A interrupção voluntária da gravidez

(Texto escrito a 3 de Fevereiro de 2005. Republicado porque é preciso não esquecer, agora que a lei vai mudar, que o problema do aborto não terminou...).


A legislação relativa à IVG resulta, na sua estrutura fundamental, de uma Lei de 1984. Nesse diploma a AR descriminalizou a IVG, quando realizada com o consentimento da mulher, sob direcção de um médico e em estabelecimento de saúde oficial (ou oficialmente reconhecido) em certas circunstâncias. Estas, resumindo, são as seguintes: a indicação terapêutica (a IVG tem em vista evitar a morte ou grave e duradoura lesão para o corpo ou saúde física e psíquica da mulher), a indicação fetopática (quando se detecte que o feto virá a sofrer de doença grave e incurável ou de malformação congénita grave) e a indicação criminológica (no caso de crime contra a liberdade e autodeterminação sexual da mulher).
Por vezes a lei impõe prazos (de 12, 16 ou 24 semanas), por vezes pode ser realizada em qualquer fase da gravidez: quando constituir o único meio de remover perigo de morte ou de grave e irreversível lesão para o corpo ou para a saúde física ou psíquica da mulher grávida ou quando o feto seja inviável.

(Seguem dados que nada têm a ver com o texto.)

text \<open>If \<open>G\<close> is complete (has no edges), the definition leaves \<open>f\<close> (\<open>e\<close>) unconstrained; replacing it
  by \<open>0\<close> gives parameters obeying the usual bounds.\<close>

lemma strongly_regular_normalise_parameters:
  assumes srg: "strongly_regular n E r e f"
  obtains e' f' where "strongly_regular n E r e' f'" "f' \<le> r" "0 < r \<Longrightarrow> e' < r"
proof -
  define e' where "e' = (if \<exists>i<n. \<exists>j<n. i \<noteq> j \<and> E i j then e else 0)"
  define f' where "f' = (if \<exists>i<n. \<exists>j<n. i \<noteq> j \<and> \<not> E i j then f else 0)"
  have srg': "strongly_regular n E r e' f'"
    using srg unfolding strongly_regular_def e'_def f'_def by auto
  moreover have "f' \<le> r"
  proof (cases "\<exists>i<n. \<exists>j<n. i \<noteq> j \<and> \<not> E i j")
    case True
    then obtain i j where "i < n" "j < n" "i \<noteq> j" "\<not> E i j" by blast
    then show ?thesis by (rule strongly_regular_f_le_r[OF srg'])
  qed (auto simp: f'_def)
  moreover have "e' < r" if "0 < r"
  proof (cases "n = 0")
    case False
    then have "0 < n" "card (neighbours n E 0) = r"
      using srg unfolding strongly_regular_def by simp_all
    with \<open>0 < r\<close> have "neighbours n E 0 \<noteq> {}" by auto
    then obtain j where "j < n" "E 0 j" unfolding neighbours_def by auto
    then show ?thesis
      by (rule strongly_regular_e_less_r[OF srg' \<open>0 < n\<close>])
  qed (use that in \<open>simp add: e'_def\<close>)
  ultimately show ?thesis using that by blast
qed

Em todos os outros casos em que a mulher decida abortar, o Código penal ordena a sua punição com prisão até 3 anos.
Na generalidade dos países europeus e norte-americanos a situação é diversa, tendo-se descriminalizado a IVG quando realizada a pedido livre e esclarecido da mulher grávida, realizada por um médico em centro de saúde autorizado e desde que dentro das primeiras 10 ou 12 semanas de gravidez. Visa-se, entre outros objectivos, lutar contra o aborto clandestino, trazendo as mulheres para o sistema de saúde, de forma a se lhe poder proporcionar assistência e acompanhamento na sua saúde sexual e reprodutiva. Uma solução semelhante foi já aprovada no nosso Parlamento, mas acabou por ser derrotada, por margem mínima, no Referendo de 1998.
Na próxima legislatura voltaremos, todos nós, eleitos e eleitores, a ter que nos pronunciar sobre a matéria. Tenho para mim que o modelo vigente não é o mais adequado: tem criado desigualdades e injustiças sociais, descrédito do sistema judicial e não promove uma verdadeira educação para a saúde sexual e reprodutiva. E nem parece que tenha permitido evitar o recurso à IVG.
O que está em causa no debate sobre a descriminalização da IVG até às 10 semanas não é reduzível às fórmulas simplistas: “ser a favor da vida” ou “o embrião é propriedade da mulher”. Todos concordamos que o embrião merece respeito e protecção jurídica.
Todavia, a decisão de interromper a gravidez é e será sempre extremamente dolorosa e profundamente dramática para uma mulher e urge criar todas as condições para que ela possa exercer na plenitude a maternidade. Contudo, se não é essa a sua possibilidade ou a sua vontade, a intervenção do sistema policial e judicial não parece justificada, causando mais prejuízos que benefícios.
As causas do aborto devem ser combatidas a montante. Devemos apostar na educação para a sexualidade e deveremos criar uma sociedade mais fraterna e mais solidária em que cada mãe e cada casal tenha as condições económicas e sociais para educar uma criança. Descriminalizar a IVG, nas condições propostas, não significa ‘liberalizar’ ou ‘banalizar’ esse comportamento tão penoso para a própria condição da mulher. Trata-se de tratar com humanidade as mulheres que se encontram em situação tão dolorosa. Simultaneamente julgo criticável a publicitação desta actividade. Aliás, em alguns países, como a Alemanha, é proibida a publicitação, bem como a obtenção de qualquer lucro com esta actividade. Estes e outros assuntos, como a inserção de um prazo de reflexão de 3 dias ou o acesso obrigatório a uma consulta de apoio psicológico e social, deverão ser debatidos na especialidade no momento da elaboração de um diploma na Assembleia da República.
Para já o que as portuguesas e os portugueses terão que reflectir para em breve se pronunciarem em Referendo é se deveremos manter uma punição injusta, discriminatória, que não está a dignificar a condição da mulher nem sequer a proteger o direito à vida, que todos sinceramente defendemos.